§ STUDY MATERIAL
■ ■ ■ ■ ■

(* Let $\mathsf{P}$ be a stratified program of $\mathcal{H}$. Then its well-founded Herbrand interpretation $\mathcal{M}_\mathsf{P}$ (the Herbrand interpretation whose valuation function is the well-founded model of $\mathsf{Gr(P)}$) is extensional.
   Context: Types of $\mathcal{H}$: base types $\iota$ and $o$; predicate types $\pi::=o\mid\rho\to\pi$; argument types $\rho::=\iota\mid\pi$; every predicate type has the form $\rho_1\to\cdots\to\rho_n\to o$. Terms are built from predicate/individual variables and constants and function symbols (of types $\iota^n\to\iota$) by typed application; atoms are terms of type $o$; literals are atoms, equalities $(\mathsf{E}_1\approx\mathsf{E}_2)$ between terms of type $\iota$, and negated atoms $\sim\mathsf{E}$. A clause is $\mathsf{p}\,\mathsf{V}_1\cdots\mathsf{V}_n\leftarrow\mathsf{L}_1,\dots,\mathsf{L}_m$ with $\mathsf{p}$ a predicate constant of type $\rho_1\to\cdots\to\rho_n\to o$, $\mathsf{V}_i$ distinct variables of types $\rho_i$, $\mathsf{L}_j$ literals; a program is a finite set of clauses. Stratified: a predicate type $\pi$ is greater than $\pi'$ if $\pi=\rho_1\to\cdots\to\rho_n\to\pi'$ with $n\ge1$. $\mathsf{P}$ is stratified if the set of predicate constants appearing in $\mathsf{P}$ can be partitioned into finitely many sets $S_1,\dots,S_r$ (with $\mathit{stratum}(\mathsf{r})=i$ iff $\mathsf{r}\in S_i$) such that for every clause $\mathsf{H}\leftarrow\mathsf{A}_1,\dots,\mathsf{A}_m,\sim\mathsf{B}_1,\dots,\sim\mathsf{B}_n$ of $\mathsf{P}$ whose head has predicate constant $\mathsf{p}$: (1) if $\mathsf{A}_i$ is a term starting with a predicate constant $\mathsf{q}$, then $\mathit{stratum}(\mathsf{q})\le\mathit{stratum}(\mathsf{p})$; (2) if $\mathsf{A}_i$ is a term starting with a predicate variable $\mathsf{Q}$, then $\mathit{stratum}(\mathsf{q})\le\mathit{stratum}(\mathsf{p})$ for every predicate constant $\mathsf{q}$ of $\mathsf{P}$ whose type is greater than or equal to the type of $\mathsf{Q}$; (3) if $\mathsf{B}_i$ starts with a predicate constant $\mathsf{q}$, then $\mathit{stratum}(\mathsf{q})<\mathit{stratum}(\mathsf{p})$; (4) if $\mathsf{B}_i$ starts with a predicate variable $\mathsf{Q}$, then $\mathit{stratum}(\mathsf{q})<\mathit{stratum}(\mathsf{p})$ for every predicate constant $\mathsf{q}$ of $\mathsf{P}$ whose type is greater than or equal to the type of $\mathsf{Q}$. Semantics: $U_{\mathsf{P},\rho}$ is the set of ground terms of type $\rho$ built from the symbols of $\mathsf{P}$; $\mathsf{Gr(P)}$ is the set of all clauses obtained from clauses of $\mathsf{P}$ by substituting for each variable an element of $U_{\mathsf{P},\rho}$ of its type, regarded as a propositional program on the ground atoms (ground equalities being the constants true/false according to syntactic identity). $\mathcal{M}_\mathsf{P}$ is the Herbrand interpretation of $\mathsf{P}$ (symbols interpreted by themselves, application syntactic) whose valuation $v$ gives each ground atom its truth value ($\mathit{false},0,\mathit{true}$) in the well-founded model of $\mathsf{Gr(P)}$. Extensional equality: for argument type $\rho$, $\cong_{v,\rho}$ on $U_{\mathsf{P},\rho}$ is defined by: for $\rho=\iota$, syntactic equality; for $\rho=o$, $d\cong d'$ iff $v(d)=v(d')$; for $\rho=\rho'\to\pi$, $d\cong d'$ iff $(d\,e)\cong_{v,\pi}(d'\,e')$ for all $e,e'\in U_{\mathsf{P},\rho'}$ with $e\cong_{v,\rho'}e'$. An interpretation with valuation $v$ is extensional if $\cong_{v,\rho}$ is reflexive for every argument type $\rho$. *)

theory Defs
  imports Main
begin

text \<open>Raw types: base types iota (Iota) and o (Bool), and arrows.  The raw datatype also
  contains the types iota^n -> iota of function symbols.\<close>
datatype ty = Iota | Bool | Fn ty ty

fun pred_ty :: "ty \<Rightarrow> bool" where
  "pred_ty Bool = True"
| "pred_ty (Fn r p) = ((r = Iota \<or> pred_ty r) \<and> pred_ty p)"
| "pred_ty Iota = False"

definition arg_ty :: "ty \<Rightarrow> bool" where
  "arg_ty t = (t = Iota \<or> pred_ty t)"

fun ifun :: "nat \<Rightarrow> ty" where
  "ifun 0 = Iota"
| "ifun (Suc n) = Fn Iota (ifun n)"

definition const_ty :: "ty \<Rightarrow> bool" where
  "const_ty t = (arg_ty t \<or> (\<exists>n. n \<ge> 1 \<and> t = ifun n))"

fun ty_ge :: "ty \<Rightarrow> ty \<Rightarrow> bool" where
  "ty_ge (Fn a b) t' = (Fn a b = t' \<or> ty_ge b t')"
| "ty_ge t t' = (t = t')"

datatype trm = TVar string ty | TCon string ty | TApp trm trm

fun ty_of :: "trm \<Rightarrow> ty option" where
  "ty_of (TVar x t) = (if arg_ty t then Some t else None)"
| "ty_of (TCon c t) = (if const_ty t then Some t else None)"
| "ty_of (TApp s u) = (case (ty_of s, ty_of u) of
      (Some (Fn a b), Some a') \<Rightarrow> (if a = a' then Some b else None)
    | _ \<Rightarrow> None)"

fun vars_trm :: "trm \<Rightarrow> (string \<times> ty) set" where
  "vars_trm (TVar x t) = {(x, t)}"
| "vars_trm (TCon c t) = {}"
| "vars_trm (TApp s u) = vars_trm s \<union> vars_trm u"

fun consts_trm :: "trm \<Rightarrow> (string \<times> ty) set" where
  "consts_trm (TVar x t) = {}"
| "consts_trm (TCon c t) = {(c, t)}"
| "consts_trm (TApp s u) = consts_trm s \<union> consts_trm u"

fun hd_sym :: "trm \<Rightarrow> trm" where
  "hd_sym (TApp s u) = hd_sym s"
| "hd_sym t = t"

fun subst :: "((string \<times> ty) \<Rightarrow> trm) \<Rightarrow> trm \<Rightarrow> trm" where
  "subst \<sigma> (TVar x t) = \<sigma> (x, t)"
| "subst \<sigma> (TCon c t) = TCon c t"
| "subst \<sigma> (TApp s u) = TApp (subst \<sigma> s) (subst \<sigma> u)"

datatype lit = Pos trm | Eq trm trm | Neg trm

fun lit_trms :: "lit \<Rightarrow> trm set" where
  "lit_trms (Pos a) = {a}"
| "lit_trms (Eq s t) = {s, t}"
| "lit_trms (Neg a) = {a}"

fun subst_lit :: "((string \<times> ty) \<Rightarrow> trm) \<Rightarrow> lit \<Rightarrow> lit" where
  "subst_lit \<sigma> (Pos a) = Pos (subst \<sigma> a)"
| "subst_lit \<sigma> (Eq s t) = Eq (subst \<sigma> s) (subst \<sigma> t)"
| "subst_lit \<sigma> (Neg a) = Neg (subst \<sigma> a)"

fun wf_lit :: "lit \<Rightarrow> bool" where
  "wf_lit (Pos a) = (ty_of a = Some Bool)"
| "wf_lit (Eq s t) = (ty_of s = Some Iota \<and> ty_of t = Some Iota)"
| "wf_lit (Neg a) = (ty_of a = Some Bool)"

text \<open>A clause  p V1 ... Vn <- L1, ..., Lm : head predicate constant, head variables,
  body literals.\<close>
datatype clause = Clause "string \<times> ty" "(string \<times> ty) list" "lit list"

fun clause_head :: "clause \<Rightarrow> trm" where
  "clause_head (Clause p vs body) =
     foldl TApp (TCon (fst p) (snd p)) (map (\<lambda>(x, t). TVar x t) vs)"

fun clause_body :: "clause \<Rightarrow> lit list" where
  "clause_body (Clause p vs body) = body"

fun clause_pred :: "clause \<Rightarrow> string \<times> ty" where
  "clause_pred (Clause p vs body) = p"

fun wf_clause :: "clause \<Rightarrow> bool" where
  "wf_clause (Clause p vs body) =
     (pred_ty (snd p) \<and> snd p = foldr Fn (map snd vs) Bool \<and> distinct vs \<and>
      (\<forall>l \<in> set body. wf_lit l))"

definition vars_clause :: "clause \<Rightarrow> (string \<times> ty) set" where
  "vars_clause c = vars_trm (clause_head c) \<union>
     (\<Union>l \<in> set (clause_body c). \<Union>t \<in> lit_trms l. vars_trm t)"

definition consts_clause :: "clause \<Rightarrow> (string \<times> ty) set" where
  "consts_clause c = consts_trm (clause_head c) \<union>
     (\<Union>l \<in> set (clause_body c). \<Union>t \<in> lit_trms l. consts_trm t)"

definition wf_program :: "clause set \<Rightarrow> bool" where
  "wf_program P = (finite P \<and> (\<forall>c \<in> P. wf_clause c))"

definition consts_prog :: "clause set \<Rightarrow> (string \<times> ty) set" where
  "consts_prog P = (\<Union>c \<in> P. consts_clause c)"

definition pconsts :: "clause set \<Rightarrow> (string \<times> ty) set" where
  "pconsts P = {q \<in> consts_prog P. pred_ty (snd q)}"

text \<open>The partition S_1,...,S_r of the (finitely many) predicate constants of P is
  represented by the stratum function st.\<close>
definition stratified :: "clause set \<Rightarrow> bool" where
  "stratified P = (\<exists>st :: string \<times> ty \<Rightarrow> nat. \<forall>c \<in> P. \<forall>l \<in> set (clause_body c).
     (case l of
        Pos a \<Rightarrow> (case hd_sym a of
            TCon q tq \<Rightarrow> st (q, tq) \<le> st (clause_pred c)
          | TVar Q tQ \<Rightarrow> (\<forall>q \<in> pconsts P. ty_ge (snd q) tQ \<longrightarrow> st q \<le> st (clause_pred c))
          | TApp _ _ \<Rightarrow> True)
      | Neg a \<Rightarrow> (case hd_sym a of
            TCon q tq \<Rightarrow> st (q, tq) < st (clause_pred c)
          | TVar Q tQ \<Rightarrow> (\<forall>q \<in> pconsts P. ty_ge (snd q) tQ \<longrightarrow> st q < st (clause_pred c))
          | TApp _ _ \<Rightarrow> True)
      | Eq _ _ \<Rightarrow> True))"

definition U :: "clause set \<Rightarrow> ty \<Rightarrow> trm set" where
  "U P t = {d. ty_of d = Some t \<and> vars_trm d = {} \<and> consts_trm d \<subseteq> consts_prog P}"

text \<open>Gr(P), as pairs (ground head atom, ground body literals).\<close>
definition gr :: "clause set \<Rightarrow> (trm \<times> lit list) set" where
  "gr P = {(subst \<sigma> (clause_head c), map (subst_lit \<sigma>) (clause_body c)) | c \<sigma>.
             c \<in> P \<and> (\<forall>(x, t) \<in> vars_clause c. \<sigma> (x, t) \<in> U P t)}"

fun lit_holds :: "trm set \<Rightarrow> trm set \<Rightarrow> lit \<Rightarrow> bool" where
  "lit_holds Iset J (Pos a) = (a \<in> Iset)"
| "lit_holds Iset J (Eq s t) = (s = t)"
| "lit_holds Iset J (Neg a) = (a \<notin> J)"

text \<open>Gelfond-Lifschitz style operator: least model of the reduct of Gr(P) w.r.t. J.\<close>
definition Gamma :: "clause set \<Rightarrow> trm set \<Rightarrow> trm set" where
  "Gamma P J = lfp (\<lambda>Iset. {h. \<exists>body. (h, body) \<in> gr P \<and> (\<forall>l \<in> set body. lit_holds Iset J l)})"

text \<open>Well-founded model via the alternating fixpoint (Van Gelder).\<close>
definition wf_true :: "clause set \<Rightarrow> trm set" where
  "wf_true P = lfp (\<lambda>J. Gamma P (Gamma P J))"

definition wf_not_false :: "clause set \<Rightarrow> trm set" where
  "wf_not_false P = Gamma P (wf_true P)"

■ ■ ■ ■ ■

§ WHAT YOU HAVE TO DO
Having found the line that contains "lfp (\<lambda>J. Gamma", set down that line and all the rest through the end of the records, exactly.

§ RESULT OF THIS TASK
  "wf_true P = lfp (\<lambda>J. Gamma P (Gamma P J))"

definition wf_not_false :: "clause set \<Rightarrow> trm set" where
  "wf_not_false P = Gamma P (wf_true P)"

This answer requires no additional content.